Exercise aim: Only the lines running from the one with "complex) (Suc (2 * m))" to the end of the listing should be returned, each exactly as it appears, with both ends kept.

Provided material:
text \<open>These conditions determine L uniquely.\<close>
definition whittaker_module ::
  "complex \<Rightarrow> complex \<Rightarrow> complex \<Rightarrow> complex \<Rightarrow> (int \<Rightarrow> vec \<Rightarrow> vec) \<Rightarrow> bool" where
  "whittaker_module c La2 La3 La4 L \<longleftrightarrow>
     (\<forall>n x. fin_vec x \<longrightarrow> fin_vec (L n x)) \<and>
     (\<forall>n x y. fin_vec x \<longrightarrow> fin_vec y \<longrightarrow> L n (\<lambda>mu. x mu + y mu) = (\<lambda>mu. L n x mu + L n y mu)) \<and>
     (\<forall>n a x. fin_vec x \<longrightarrow> L n (\<lambda>mu. a * x mu) = (\<lambda>mu. a * L n x mu)) \<and>
     (\<forall>m n x. fin_vec x \<longrightarrow>
        (\<lambda>mu. L m (L n x) mu - L n (L m x) mu) =
        (\<lambda>mu. of_int (m - n) * L (m + n) x mu
              + (if m + n = 0 then c / 12 * (of_int m ^ 3 - of_int m) * x mu else 0))) \<and>
     L 2 (bvec []) = (\<lambda>mu. La2 * bvec [] mu) \<and>
     L 3 (bvec []) = (\<lambda>mu. La3 * bvec [] mu) \<and>
     L 4 (bvec []) = (\<lambda>mu. La4 * bvec [] mu) \<and>
     (\<forall>n > 4. L n (bvec []) = (\<lambda>mu. 0)) \<and>
     (\<forall>lam. is_partition lam \<longrightarrow> foldr (\<lambda>k x. L (2 - int k) x) lam (bvec []) = bvec lam)"

definition Lt :: "complex \<Rightarrow> complex \<Rightarrow> (int \<Rightarrow> vec \<Rightarrow> vec) \<Rightarrow> int \<Rightarrow> vec \<Rightarrow> vec" where
  "Lt La3 La4 L n x =
     (if n = 3 then (\<lambda>mu. L 3 x mu - La3 * x mu)
      else if n = 4 then (\<lambda>mu. L 4 x mu - La4 * x mu)
      else L n x)"

definition Lt_prod :: "complex \<Rightarrow> complex \<Rightarrow> (int \<Rightarrow> vec \<Rightarrow> vec) \<Rightarrow> nat list \<Rightarrow> vec \<Rightarrow> vec" where
  "Lt_prod La3 La4 L mu x = foldr (\<lambda>k y. Lt La3 La4 L (int k + 2) y) mu x"

text \<open>deg_delta of a part k (= deg_delta of L_{2-k}): 1 for k=1, delta for k=2, k-2 for k>2\<close>
definition degpart :: "nat \<Rightarrow> nat \<Rightarrow> int" where
  "degpart d k = (if k = 1 then 1 else if k = 2 then int d else int k - 2)"

definition degp :: "nat \<Rightarrow> nat list \<Rightarrow> int" where
  "degp d lam = sum_list (map (degpart d) lam)"

definition vdeg :: "nat \<Rightarrow> vec \<Rightarrow> int" where
  "vdeg d x = Max (degp d ` {mu. x mu \<noteq> 0})"

end

(*
  Let F_D be the span of the v_lam with deg v_lam <= D, and let deg L_n be deg L_{2-k} = degpart k
  for n = 2 - k <= 1, and -degpart j for n = 2 + j >= 3 (0 for n = 2).  Then L_n - Lambda_n maps
  F_D into F_{D + deg L_n} for every n; part (a) is the case n = 2 + j, and part (b) iterates it
  down to a piece F_D with D < 0, which is zero.

  The bound is proved on v_lam = L_a v_lam' by moving L_n past L_a with
  [L_n, L_a] = (n - a) L_{n+a} + central term: for n <= 1 (when a < n) by induction on
  (deg v_lam + deg L_n, n), for n >= 2 by induction on lam.  The new terms land in the right
  piece because deg L_{n+a} <= deg L_n + deg L_a, which needs delta <= 2, and because
  deg L_n + deg L_a >= 0 whenever Lambda_{n+a} or the central term is nonzero; the only
  exception, (n, a) = (4, -1) with delta = 2, is excluded by Lambda_3 = 0.
*)

theory Submission
  imports Defs "HOL-Library.Product_Lexorder"
begin
lemma hyp_family_0:
  assumes "\<not> nonpos_int \<alpha>"
  shows "hyp_family \<alpha> N 0 = pochhammer (\<alpha> + 1) N / fact N"
proof -
  have "pochhammer (1 + \<alpha> + of_nat N) n \<noteq> 0" for n
    using pochhammer_neq_0_if_not_nonpos_int not_nonpos_int_add_of_nat[OF assms, of "Suc N"]
    by (simp add: add_ac)
  moreover have "pochhammer (- of_nat N :: complex) n \<noteq> 0" if "n \<le> N" for n
    using that by (simp add: pochhammer_of_nat_eq_0_iff)
  ultimately have "hyp3F2_term (- of_nat N) \<alpha> (1 + \<alpha> + of_nat N) (- of_nat N) (1 + \<alpha> + of_nat N) 1 n
      = (\<alpha> - 1 + of_nat n) gchoose n" if "n \<le> N" for n
    using that by (simp add: hyp3F2_term_def gbinomial_pochhammer')
  then have "hyp_family \<alpha> N 0 = (\<Sum>n\<le>N. (\<alpha> - 1 + of_nat n) gchoose n)"
    unfolding hyp_family_def hyp3F2_trunc_eq_sum atLeast0AtMost by simp
  also have "\<dots> = (\<alpha> + of_nat N) gchoose N"
    using gbinomial_parallel_sum[of "\<alpha> - 1" N] by simp
  also have "\<dots> = pochhammer (\<alpha> + 1) N / fact N"
    by (simp add: gbinomial_pochhammer')
  finally show ?thesis .
qed

lemma hyp_family_Suc:
  assumes "\<not> nonpos_int \<alpha>"
  shows "(of_nat N + of_nat k + 1) * (\<alpha> + 2 * of_nat k + 2) * hyp_family \<alpha> N (Suc k)
       = (of_nat k + 1) * (\<alpha> + 2 * of_nat k + 2 * of_nat N + 2) * hyp_family \<alpha> N k"
proof -
  define b where "b = 1 + \<alpha> + of_nat N"
  define c where "c = b + of_nat k"
  define t where "t j n = hyp3F2_term (- of_nat N) \<alpha> (b + of_nat j) (- of_nat N - of_nat j) b 1 n" for j n
  have family: "hyp_family \<alpha> N j = (\<Sum>n=0..N. t j n)" for j
    unfolding hyp_family_def hyp3F2_trunc_eq_sum t_def b_def ..
  have b_shift_neq_0: "b + of_nat n \<noteq> 0" for n
    using add_of_nat_neq_0[OF assms, of "Suc N + n"] by (simp add: b_def add_ac)
  have c_neq_0: "c \<noteq> 0"
    using b_shift_neq_0[of k] by (simp add: c_def)
  have ratio_n: "t k (Suc n) * ((of_nat n + 1) * (b + of_nat n) * (of_nat N + of_nat k - of_nat n))
      = t k n * ((of_nat N - of_nat n) * (\<alpha> + of_nat n) * (c + of_nat n))" if "n \<le> N" for n
  proof (cases "n = N + k")
    case True
    with that show ?thesis by simp
  next
    case False
    define p where "p = (of_nat N - of_nat n) * (\<alpha> + of_nat n) * (c + of_nat n)"
    define q where "q = (of_nat n + 1) * (b + of_nat n) * (of_nat N + of_nat k - of_nat n)"
    have "(of_nat N + of_nat k - of_nat n :: complex) \<noteq> 0"
      using False by (metis eq_iff_diff_eq_0 of_nat_add of_nat_eq_iff)
    moreover have "(of_nat n + 1 :: complex) \<noteq> 0"
      by (metis of_nat_Suc of_nat_eq_0_iff add.commute nat.distinct(1))
    ultimately have "q \<noteq> 0"
      using b_shift_neq_0[of n] by (simp add: q_def)
    have "(- of_nat N + of_nat n) * (\<alpha> + of_nat n) * (b + of_nat k + of_nat n) * 1
        / ((- of_nat N - of_nat k + of_nat n) * (b + of_nat n) * (of_nat n + 1)) = (- p) / (- q)"
      unfolding p_def q_def c_def by (rule arg_cong2[where f="(/)"]) (simp_all add: algebra_simps)
    then have "t k (Suc n) = t k n * (p / q)"
      unfolding t_def hyp3F2_term_Suc minus_divide_divide by simp
    with \<open>q \<noteq> 0\<close> show ?thesis
      unfolding p_def[symmetric] q_def[symmetric] by simp
  qed
  have ratio_k: "t (Suc k) n * (c * (of_nat N + of_nat k + 1))
      = t k n * ((c + of_nat n) * (of_nat N + of_nat k + 1 - of_nat n))" if "n \<le> N" for n
  proof -
    have poch_neq_0: "pochhammer (- of_nat N - of_nat j :: complex) n \<noteq> 0" for j
      using that pochhammer_of_nat_eq_0_iff[of "N + j" n, where 'a=complex] by simp
    have "pochhammer (- of_nat N - of_nat k - 1 :: complex) n \<noteq> 0"
      using poch_neq_0[of "Suc k"] by (simp add: algebra_simps)
    from hyp3F2_term_contiguous[OF poch_neq_0[of k] this, of "- of_nat N" \<alpha> c b 1]
    show ?thesis
      unfolding t_def c_def by (simp add: algebra_simps)
  qed
  \<comment> \<open>Zeilberger certificate: the recurrence holds termwise up to the difference G (n + 1) - G n.\<close>
  define G where "G n = t k n * (of_nat n * (b + of_nat n - 1) * (of_nat N + of_nat k + 1 - of_nat n))" for n
  have G_Suc: "G (Suc n) = t k n * ((of_nat N - of_nat n) * (\<alpha> + of_nat n) * (c + of_nat n))" if "n \<le> N" for n
    using ratio_n[OF that] unfolding G_def by (simp add: algebra_simps)
  define K where "K = c * (of_nat N + of_nat k + 1) * (\<alpha> + 2 * of_nat k + 2)"
  define D where "D = c * (of_nat k + 1) * (\<alpha> + 2 * of_nat k + 2 * of_nat N + 2)"
  have termwise: "t (Suc k) n * K = t k n * D + (G (Suc n) - G n)" if "n \<le> N" for n
  proof -
    have "t (Suc k) n * K = t k n * ((c + of_nat n) * (of_nat N + of_nat k + 1 - of_nat n) * (\<alpha> + 2 * of_nat k + 2))"
      using ratio_k[OF that] unfolding K_def by (metis mult.assoc)
    then show ?thesis
      unfolding G_Suc[OF that] unfolding G_def D_def c_def b_def by (simp add: algebra_simps)
  qed
  have "hyp_family \<alpha> N (Suc k) * K = (\<Sum>n=0..N. t k n * D + (G (Suc n) - G n))"
    unfolding family sum_distrib_right by (rule sum.cong) (simp_all add: termwise)
  also have "\<dots> = hyp_family \<alpha> N k * D + (G (Suc N) - G 0)"
    unfolding sum.distrib family sum_distrib_right sum_Suc_diff[OF le0] ..
  also have "G (Suc N) - G 0 = 0"
    using G_Suc[of N] by (simp add: G_def)
  finally have "hyp_family \<alpha> N (Suc k) * K = hyp_family \<alpha> N k * D" by simp
  with c_neq_0 show ?thesis
    unfolding K_def D_def by (simp add: ac_simps)
qed

lemma hyp_family_closed_form:
  assumes "\<not> nonpos_int \<alpha>"
  shows "hyp_family \<alpha> N k = pochhammer (\<alpha> + 1) N * pochhammer (1 + \<alpha> / 2 + of_nat k) N
           / (pochhammer (1 + \<alpha> / 2) N * pochhammer (of_nat k + 1) N)"
proof (induction k)
  case 0
  have "pochhammer (1 + \<alpha> / 2) N \<noteq> 0"
    by (rule pochhammer_neq_0_if_not_nonpos_int[OF not_nonpos_int_half[OF assms]])
  then show ?case
    using hyp_family_0[OF assms] by (simp add: pochhammer_fact)
next
  case (Suc k)
  define u where "u = 1 + \<alpha> / 2 + of_nat k"
  define v :: complex where "v = of_nat k + 1"
  define r where "r = pochhammer (\<alpha> + 1) N / pochhammer (1 + \<alpha> / 2) N"
  have closed: "pochhammer (\<alpha> + 1) N * pochhammer x N / (pochhammer (1 + \<alpha> / 2) N * pochhammer y N)
      = r * (pochhammer x N / pochhammer y N)" for x y
    unfolding r_def by simp
  have u_neq_0: "u \<noteq> 0"
    using add_of_nat_neq_0[OF not_nonpos_int_half[OF assms]] by (simp add: u_def)
  have v_neq_0: "v + of_nat n \<noteq> 0" for n
    unfolding v_def by (metis of_nat_Suc of_nat_add of_nat_eq_0_iff add.commute add_Suc nat.distinct(1))
  have "pochhammer v N \<noteq> 0"
    using v_neq_0 by (auto simp: pochhammer_eq_0_iff eq_neg_iff_add_eq_0)
  moreover have shift: "pochhammer (v + 1) N * v = pochhammer v N * (v + of_nat N)"
    by (rule pochhammer_add_1_mult)
  ultimately have "pochhammer (v + 1) N \<noteq> 0"
    using v_neq_0[of N] by auto
  with \<open>pochhammer v N \<noteq> 0\<close> have v_shift: "(v + of_nat N) / pochhammer (v + 1) N = v / pochhammer v N"
    using shift by (simp add: frac_eq_eq ac_simps)
  have "2 * u * (v + of_nat N) * hyp_family \<alpha> N (Suc k)
      = 2 * v * (u + of_nat N) * hyp_family \<alpha> N k"
    using hyp_family_Suc[OF assms, of N k] unfolding u_def v_def by (simp add: algebra_simps)
  also have "\<dots> = 2 * r * (v / pochhammer v N) * (pochhammer u N * (u + of_nat N))"
    unfolding Suc closed u_def[symmetric] v_def[symmetric] by (simp add: ac_simps)
  also have "\<dots> = 2 * r * ((v + of_nat N) / pochhammer (v + 1) N) * (pochhammer (u + 1) N * u)"
    unfolding v_shift pochhammer_add_1_mult ..
  also have "\<dots> = 2 * u * (v + of_nat N) * (r * (pochhammer (u + 1) N / pochhammer (v + 1) N))"
    by (simp add: ac_simps)
  finally have "hyp_family \<alpha> N (Suc k) = r * (pochhammer (u + 1) N / pochhammer (v + 1) N)"
    using u_neq_0 v_neq_0[of N] by (subst (asm) mult_left_cancel) simp_all
  moreover have "1 + \<alpha> / 2 + of_nat (Suc k) = u + 1" "of_nat (Suc k) + 1 = v + 1"
    unfolding u_def v_def by simp_all
  ultimately show ?case
    unfolding closed by (simp only:)
qed

lemma hyp_family_odd:
  assumes "\<not> nonpos_int \<alpha>"
  shows "hyp_family \<alpha> (Suc (2 * m)) k
       = (1 + \<alpha>) * (2 + 2 * of_nat k + \<alpha> + 4 * of_nat m) * pochhammer (2 + \<alpha>) (2 * m)
           * pochhammer (1 + \<alpha> / 2 + of_nat k) (2 * m)
         / ((2 + \<alpha>) * (1 + 2 * of_nat m + of_nat k) * pochhammer (2 + \<alpha> / 2) (2 * m)
           * pochhammer (1 + of_nat k) (2 * m))"
proof -
  have "pochhammer (\<alpha> + 1) (Suc (2 * m)) = (1 + \<alpha>) * pochhammer (2 + \<alpha>) (2 * m)"
    and "pochhammer (1 + \<alpha> / 2) (Suc (2 * m)) = (2 + \<alpha>) / 2 * pochhammer (2 + \<alpha> / 2) (2 * m)"
    by (simp_all add: pochhammer_rec add_ac)
  moreover have "pochhammer (1 + \<alpha> / 2 + of_nat k) (Suc (2 * m))
      = pochhammer (1 + \<alpha> / 2 + of_nat k) (2 * m) * ((2 + 2 * of_nat k + \<alpha> + 4 * of_nat m) / 2)"
    and "pochhammer (of_nat k + 1 :: complex) (Suc (2 * m))
      = pochhammer (1 + of_nat k) (2 * m) * (1 + 2 * of_nat m + of_nat k)"
    by (simp_all add: pochhammer_Suc add_ac)
  moreover have "a * P * (A * (x / 2)) / (z / 2 * C * (E * y)) = a * x * P * A / (z * y * C * E)"
    for a P A x z C E y :: complex
    by (simp add: field_simps)
  ultimately show ?thesis
    unfolding hyp_family_closed_form[OF assms] by (simp only:)
qed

Result of the exercise:
    and "pochhammer (of_nat k + 1 :: complex) (Suc (2 * m))
      = pochhammer (1 + of_nat k) (2 * m) * (1 + 2 * of_nat m + of_nat k)"
    by (simp_all add: pochhammer_Suc add_ac)
  moreover have "a * P * (A * (x / 2)) / (z / 2 * C * (E * y)) = a * x * P * A / (z * y * C * E)"
    for a P A x z C E y :: complex
    by (simp add: field_simps)
  ultimately show ?thesis
    unfolding hyp_family_closed_form[OF assms] by (simp only:)
qed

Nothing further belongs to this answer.